Created about a year ago

Updated 8 months ago

334 stars

A ComfyUI custom node that integrates Google's Gemini Flash 2.0 Experimental model, enabling multimodal analysis of text, images, video frames, and audio directly within ComfyUI workflows.

Custom Nodes (3)

README

ComfyUI-Gemini_Flash_2.0_Exp

Support My Work

If you find this project helpful, consider buying me a coffee:

A ComfyUI custom node that integrates Google's Gemini Flash 2.0 Experimental model, enabling multimodal analysis of text, images, video frames, and audio directly within ComfyUI workflows.
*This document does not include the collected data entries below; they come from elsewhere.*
(* For all integers $k,f,n$ with $1\le k\le f-1$ and $f\le n-1$, $\mathrm{Cons}(n,f)$ is not ${}^cC$-reducible to $k\text{-TAg}(n,f)$ (in particular, it is not $C$-reducible to $k\text{-TAg}(n,f)$).
   Context: Model: a finite set of processes runs an asynchronous algorithm communicating by reliable message passing with unbounded delays and speeds; processes fail only by crashing. Time is $\mathcal T=\mathbb N$; a failure pattern $F$ for $\Pi$ is a nondecreasing map $\mathcal T\to2^\Pi$, $Faulty(F)=\bigcup_tF(t)$. A binary agreement problem $P$ for $\Pi$ maps each $(F,\vec V)$, $\vec V\in\{0,1\}^\Pi$, to a nonempty $P(F,\vec V)\subseteq\{0,1\}$; a task is $T=(P,f)$. An algorithm solves $T$ if in every run with $|Faulty(F)|\le f$ and initial values $\vec V$: every correct process eventually decides, decisions are irrevocable, no two processes decide differently, and decisions lie in $P(F,\vec V)$. $k\text{-TAg}_\Pi(F,\vec V)=\{0\}$ if at least $k$ entries of $\vec V$ are $0$; $=\{1\}$ if $\vec V$ is all-ones and $|Faulty(F)|\le k-1$; $=\{0,1\}$ otherwise; $k\text{-TAg}(\Pi,f)=(k\text{-TAg}_\Pi,f)$; $k\text{-TAg}(n,f)$ and $\mathrm{Cons}(n,f)=n\text{-TAg}(n,f)$ are the versions for $\Pi=\{1,\dots,n\}$. Oracles: for $T=(P,f)$ on $\Pi$, an $f$-resilient oracle suitable for $P$ is a black box with consultants $\Pi$ whose history is a sequence of successive consultations, in each of which every consultant may submit at most one query in $\{0,1\}$ and the oracle returns a common response $d$ with $d\in P(F,\vec V)$ for every $\vec V$ extending the partial query vector (the oracle may use the whole failure pattern, including future crashes), and every correct querier gets the response whenever at least $|\Pi|-f$ consultants query; $\mathcal O.T$ is the most general such oracle. It is consistent if, in every history, for any two consultations with query vectors $\vec W_1\supseteq\vec W_2$, answering $d$ on $\vec W_2$ implies answering $d$ on $\vec W_1$; ${}^c\mathcal O.T$ is the most general consistent one. $T_1\le_C T_2$ (resp. $T_1\le_{{}^cC}T_2$) means there is an algorithm solving $T_1$ whose processes may additionally consult the oracle $\mathcal O.T_2$ (resp. ${}^c\mathcal O.T_2$); $C$-reducibility implies ${}^cC$-reducibility. *)

theory Defs
  imports Main
begin
theorem lemma5p3:
  fixes a b r :: "real \<Rightarrow> real \<Rightarrow> real"
    and Xmin Xmax T \<eta>0 L :: real
  assumes "Xmin < Xmax" and "T > 0"
    and "\<exists>M. \<forall>t\<in>{0<..<T}. \<forall>x\<in>{Xmin<..<Xmax}. \<bar>a t x\<bar> \<le> M"
    and "\<exists>M. \<forall>t\<in>{0<..<T}. \<forall>x\<in>{Xmin<..<Xmax}. \<bar>b t x\<bar> \<le> M"
    and "\<exists>M. \<forall>t\<in>{0<..<T}. \<forall>x\<in>{Xmin<..<Xmax}. \<bar>r t x\<bar> \<le> M"
    and "\<eta>0 > 0"
    and "\<forall>t\<in>{0<..<T}. \<forall>x\<in>{Xmin<..<Xmax}. a t x \<ge> \<eta>0"
    and "\<forall>t\<in>{0<..<T}. \<forall>x\<in>{Xmin<..<Xmax}. \<forall>y\<in>{Xmin<..<Xmax}.
           \<bar>a t x - a t y\<bar> \<le> L * \<bar>x - y\<bar>"
  shows "\<exists>\<eta>2 \<gamma>2. \<eta>2 > 0 \<and> \<gamma>2 \<ge> 0 \<and>
     (\<forall>J::nat. J \<ge> 1 \<longrightarrow> (\<forall>t\<in>{0<..<T}. \<forall>x :: int \<Rightarrow> real.
        innerJ J x (Atilde a b r Xmin Xmax J t x)
          \<ge> \<eta>2 * (Nnorm J (\<lambda>j. x j / mesh Xmin Xmax J))\<^sup>2 - \<gamma>2 * normJ_sq J x))"
proof -
  obtain B where B: "\<forall>t\<in>{0<..<T}. \<forall>x\<in>{Xmin<..<Xmax}. \<bar>b t x\<bar> \<le> B"
    using assms(4) by blast
  obtain R where R: "\<forall>t\<in>{0<..<T}. \<forall>x\<in>{Xmin<..<Xmax}. \<bar>r t x\<bar> \<le> R"
    using assms(5) by blast
  define \<gamma> where "\<gamma> = L\<^sup>2 / \<eta>0 + 4 * B\<^sup>2 / \<eta>0 + \<bar>R\<bar>"
  have "innerJ J x (Atilde a b r Xmin Xmax J t x)
      \<ge> \<eta>0 / 4 * (Nnorm J (\<lambda>j. x j / mesh Xmin Xmax J))\<^sup>2 - \<gamma> * normJ_sq J x"
    if "1 \<le> J" and "t \<in> {0<..<T}" for J t x
    unfolding \<gamma>_def using assms(1) that(1) assms(6)
    by (rule innerJ_Atilde_coercive) (use assms(7,8) B R that(2) in \<open>auto intro: order.trans[OF _ abs_ge_self]\<close>)
  moreover have "\<gamma> \<ge> 0"
    using assms(6) by (simp add: \<gamma>_def)
  ultimately show ?thesis
    using assms(6) by (intro exI[of _ "\<eta>0 / 4"] exI[of _ \<gamma>]) auto
qed
lemma det_Hmat_Suc:
  fixes Q :: "nat \<Rightarrow> complex \<Rightarrow> 'a::field"
  assumes s: "1 \<le> s" and i: "i \<le> 2*n+1"
  shows "det (Hmat n Q i u (Suc s))
    = Tf n Q (int (2*n+2) - int i) (u + of_nat i / 2) * det (Hmat n Q (2*n+1) (u+1) s)
      - (if i = 0 then 0 else det (Hmat n Q (i-1) (u+1) s))"
proof -
  let ?M = "Hmat n Q i u (Suc s)"
  obtain s' where s': "s = Suc s'" using s by (cases s) auto
  have "det ?M = (\<Sum>r<Suc s. ?M $$ (r,0) * cofactor ?M r 0)"
    by (rule laplace_expansion_column[OF Hmat_carrier]) simp
  also have "\<dots> = ?M $$ (0,0) * cofactor ?M 0 0 + ?M $$ (1,0) * cofactor ?M 1 0"
  proof -
    have "?M $$ (Suc (Suc r), 0) = 0" if "r < s'" for r
      unfolding Hmat_def using that s' by (simp add: Tf_neg)
    then show ?thesis unfolding s' by (simp add: sum.lessThan_Suc_shift del: sum.lessThan_Suc)
  qed
  also have "?M $$ (0,0) = Tf n Q (int (2*n+2) - int i) (u + of_nat i / 2)"
    unfolding Hmat_def by simp
  also have "?M $$ (1,0) = 1" unfolding Hmat_def using s' by (simp add: Tf_def)
  also have "cofactor ?M 0 0 = det (Hmat n Q (2*n+1) (u+1) s)"
    unfolding cofactor_def mat_delete_Hmat_0 by simp
  also have "cofactor ?M 1 0 = - (if i = 0 then 0 else det (Hmat n Q (i-1) (u+1) s))"
  proof (cases "i = 0")
    case True
    let ?D = "mat_delete ?M 1 0"
    have "?D \<in> carrier_mat s s" unfolding mat_delete_def Hmat_def by simp
    then have "det ?D = (\<Sum>b<s. ?D $$ (0,b) * cofactor ?D 0 b)"
      by (rule laplace_expansion_row) (use s in simp)
    also have "\<dots> = 0"
      using True by (intro sum.neutral) (auto simp: mat_delete_def Hmat_def Tf_above)
    finally show ?thesis using True unfolding cofactor_def by simp
  next
    case False
    then show ?thesis using mat_delete_Hmat_1[of i n Q u s] unfolding cofactor_def by simp
  qed
  finally show ?thesis by simp
qed

lemma Hf_eq_det_Hmat:
  fixes Q :: "nat \<Rightarrow> complex \<Rightarrow> 'a::field"
  assumes "1 \<le> s" and "i \<le> 2*n+1"
  shows "Hf n Q i (2*n+1+s) (u + of_nat i / 2) = - det (Hmat n Q i u s)"
  using assms
proof (induction s arbitrary: i u)
  case 0
  then show ?case by simp
next
  case (Suc s)
  have idx: "int (2*n+2) - int i = 2 * int n + 2 - int i" by simp
  have Tf_reflect: "- Tf n Q (int i) (u + of_nat i / 2) = Tf n Q (int (2*n+2) - int i) (u + of_nat i / 2)"
    unfolding idx by (rule Tf_antisym[symmetric]) (use Suc.prems in simp_all)
  show ?case
  proof (cases "s = 0")
    case True
    have "det (Hmat n Q i u (Suc s)) = Tf n Q (int (2*n+2) - int i) (u + of_nat i / 2)"
      using True by (subst det_single) (auto simp: Hmat_def)
    moreover have "Hf n Q i (2*n+1+Suc s) (u + of_nat i / 2)
        = - Tf n Q (int i) (u + of_nat i / 2) * Hf n Q (2*n+1) (2*n+1) (u + 1 + of_nat (2*n+1) / 2)
          - (if i = 0 then 0 else Hf n Q (i - 1) (2*n+1) (u + 1 + of_nat (i - 1) / 2))"
      unfolding True add_Suc_right add_0_right by (rule Hf_Suc_shifted)
    moreover have "Hf n Q (2*n+1) (2*n+1) v = -1" "i \<noteq> 0 \<Longrightarrow> Hf n Q (i-1) (2*n+1) v = 0" for v
      using Suc.prems by (simp_all add: Hf_initial del: Hf.simps)
    ultimately show ?thesis using Tf_reflect by (simp del: Hf.simps)
  next
    case False
    then have s1: "1 \<le> s" by simp
    have "Hf n Q (2*n+1) (2*n+1+s) ((u+1) + of_nat (2*n+1) / 2) = - det (Hmat n Q (2*n+1) (u+1) s)"
      by (rule Suc.IH[OF s1]) simp
    moreover have "Hf n Q (i-1) (2*n+1+s) ((u+1) + of_nat (i-1) / 2) = - det (Hmat n Q (i-1) (u+1) s)"
      if "i \<noteq> 0"
      by (rule Suc.IH[OF s1]) (use Suc.prems in simp)
    ultimately show ?thesis
      unfolding add_Suc_right Hf_Suc_shifted det_Hmat_Suc[OF s1 Suc.prems(2)] Tf_reflect[symmetric]
      by (simp del: Hf.simps)
  qed
qed

lemma Hmat_eq_let_form:
  "Hmat n Q i u s = mat s s (\<lambda>(j0, l0).
      let j = int j0 + 1; l = int l0 + 1;
          lam = 1 + (if j = 1 then int (2 * n + 2) - int i - 1 else 0)
      in Tf n Q (lam - j + l) (u + of_int (int (2 * n + 2) - 2 - lam + j + l) / 2))"
  unfolding Hmat_def Let_def
proof (intro cong[OF refl, where f="mat s s"] ext, clarify)
  fix a b :: nat
  show "(if a = 0 then Tf n Q (int (2*n+2) - int i + int b) (u + (of_nat i + of_nat b) / 2)
      else Tf n Q (1 - int a + int b) (u + (of_nat (2*n+1) + of_nat a + of_nat b) / 2))
    = Tf n Q (1 + (if int a + 1 = 1 then int (2 * n + 2) - int i - 1 else 0) - (int a + 1) + (int b + 1))
        (u + of_int (int (2 * n + 2) - 2 - (1 + (if int a + 1 = 1 then int (2 * n + 2) - int i - 1 else 0))
          + (int a + 1) + (int b + 1)) / 2)"
    by (cases "a = 0") (simp_all, (rule arg_cong2[where f="Tf n Q"]; simp add: field_simps)+)
qed

lemma Hf_eq_det_let_form:
  fixes Q :: "nat \<Rightarrow> complex \<Rightarrow> 'a::field"
  assumes i: "i \<le> 2*n+1" and k: "2*n+2 \<le> k"
  shows "Hf n Q i k (u + of_nat i / 2) =
    - det (mat (k - (2 * n + 2) + 1) (k - (2 * n + 2) + 1) (\<lambda>(j0, l0).
        let j = int j0 + 1; l = int l0 + 1;
            lam = 1 + (if j = 1 then int (2 * n + 2) - int i - 1 else 0)
        in Tf n Q (lam - j + l) (u + of_int (int (2 * n + 2) - 2 - lam + j + l) / 2)))"
proof -
  define s where "s = k - (2*n+1)"
  have s: "1 \<le> s" "k = 2*n+1+s" "k - (2*n+2) + 1 = s" using k unfolding s_def by simp_all
  show ?thesis unfolding Hmat_eq_let_form[symmetric] s(3) by (subst s(2)) (rule Hf_eq_det_Hmat[OF s(1) i])
qed

lemma Hf_eq_casorati_quotient:
  fixes Q :: "nat \<Rightarrow> complex \<Rightarrow> 'a::field" and w :: "nat \<Rightarrow> complex \<Rightarrow> 'a"
  assumes indep: "alg_indep_Q n Q" and n1: "1 \<le> n" and i: "i \<le> 2*n+1"
    and L: "\<forall>m\<in>{1..2*n+2}. \<forall>u. Lop n Q (w m) u = 0"
    and C: "casorati w [0..int (2*n+1)] u \<noteq> 0"
  shows "Hf n Q i k (u + of_nat i / 2) =
    - casorati w ([0..int i - 1] @ [int i + 1..int (2*n+1)] @ [int k]) u / casorati w [0..int (2*n+1)] u"
proof -
  have "w r (u + of_nat k) = (\<Sum>j<2*n+2. (-1)^j * Hf n Q j k (u + of_nat j / 2) * w r (u + of_nat j))"
    if "1 \<le> r" "r \<le> 2*n+2" for r
    using Hf_shift_expansion[OF indep n1] L that by simp
  then have "casorati w ([0..int i - 1] @ [int i + 1..int (2*n+1)] @ [int k]) u
      = - Hf n Q i k (u + of_nat i / 2) * casorati w [0..int (2*n+1)] u"
    by (rule casorati_cramer[OF i])
  then show ?thesis using C by (simp add: field_simps)
qed

theorem mainTheorem7:
  fixes n :: nat and Q :: "nat \<Rightarrow> complex \<Rightarrow> 'a::field" and i :: nat
  assumes n2: "n \<ge> 2"
    and indep: "alg_indep_Q n Q"
    and i_le: "i \<le> 2 * n + 1"
  shows "(\<forall>k u. k \<le> 2 * n + 1 \<longrightarrow>
            Hf n Q i k (u + of_nat i / 2) = (-1) ^ i * (if i = k then 1 else 0))
       \<and> (\<forall>k u. k \<ge> 2 * n + 2 \<longrightarrow>
            Hf n Q i k (u + of_nat i / 2) =
              - det (mat (k - (2 * n + 2) + 1) (k - (2 * n + 2) + 1) (\<lambda>(j0, l0).
                  let j = int j0 + 1; l = int l0 + 1;
                      lam = 1 + (if j = 1 then int (2 * n + 2) - int i - 1 else 0)
                  in Tf n Q (lam - j + l) (u + of_int (int (2 * n + 2) - 2 - lam + j + l) / 2))))
       \<and> (\<forall>w :: nat \<Rightarrow> complex \<Rightarrow> 'a.
            (\<forall>m\<in>{1..2 * n + 2}. \<forall>u. Lop n Q (w m) u = 0) \<longrightarrow>
            (\<forall>u. casorati w [0..int (2 * n + 1)] u \<noteq> 0) \<longrightarrow>
            (\<forall>k u. Hf n Q i k (u + of_nat i / 2) =
                - casorati w ([0..int i - 1] @ [int i + 1..int (2 * n + 1)] @ [int k]) u
                  / casorati w [0..int (2 * n + 1)] u))"
proof -
  have n1: "1 \<le> n" using n2 by simp
  show ?thesis
    by (intro conjI allI impI Hf_initial Hf_eq_det_let_form[OF i_le]
        Hf_eq_casorati_quotient[OF indep n1 i_le]) auto
qed

end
Now with image generation capabilities!

Audio option

Features

Multimodal input support:
- Text analysis
- Image analysis
- Video frame analysis
- Audio analysis
NEW! Image Generation using gemini-2.0-flash-exp-image-generation model
Chat mode with conversation history
Voice chat with smart Audio recorder node
Structured output option
Temperature and token limit controls
Proxy support
Configurable API settings via config.json

Installation

Install via ComfyUI manager

Clone this repository into your ComfyUI custom_nodes folder:

cd ComfyUI/custom_nodes
git clone https://github.com/ShmuelRonen/ComfyUI-Gemini_Flash_2.0_Exp.git

Install required dependencies:

# Install BOTH packages (both are required)
pip install google-genai
pip install google-generativeai
# OR
python -m pip install google-genai
python -m pip install google-generativeai

# Other dependencies
pip install pillow
pip install torchaudio

Important:

For Ubuntu/Debian-based systems:

sudo apt-get install libportaudio2

Get your free API key from Google AI Studio:
- Visit Google AI Studio
- Log in with your Google account
- Click on "Get API key" or go to settings
- Create a new API key
- Copy the API key for use in config.json
Set up your API key in the config.json file (will be created automatically on first run)

Configuration

API Key Setup

Make config.json file in the node main folder:

{
    "GEMINI_API_KEY": "your_api_key_here"
}

WSL 2 Ubuntu Users

Note: always insert the API-KEY into Gemini Flash 2 node.

Node Inputs

Required Inputs:

prompt: Main text prompt for analysis or generation
input_type: Select from ["text", "image", "video", "audio"]
model_version: Select model including the new image generation model
operation_mode: Select between "analysis" or "generate_images" mode
chat_mode: Boolean to enable/disable chat functionality
clear_history: Boolean to reset chat history

Optional Inputs:

Additional_Context: Additional text input for context
images: Multiple image inputs (IMAGE type with list=True)
video: Video frame sequence input (IMAGE type)
audio: Audio input (AUDIO type)
api_key: Directly enter your API key (recommended for WSL/Ubuntu)
max_output_tokens: Set maximum output length (1-8192)
temperature: Control response randomness (0.0-1.0)
structured_output: Enable structured response format
max_images: Maximum number of images to process (1-16)
batch_count: Number of images to generate (for image generation mode)
seed: Random seed for reproducible image generation

Usage Examples

Basic Text Analysis:

Text Input Node -> Gemini Flash Node [input_type: "text", operation_mode: "analysis"]

Image Analysis:

Load Image Node -> Gemini Flash Node [input_type: "image", operation_mode: "analysis"]

Video Analysis:

Load Video Node -> Gemini Flash Node [input_type: "video", operation_mode: "analysis"]

Audio Analysis:

Load Audio Node -> Gemini Flash Node [input_type: "audio", operation_mode: "analysis"]

Image Generation:

Text Input Node -> Gemini Flash Node [model_version: "gemini-2.0-flash-exp-image-generation", operation_mode: "generate_images"]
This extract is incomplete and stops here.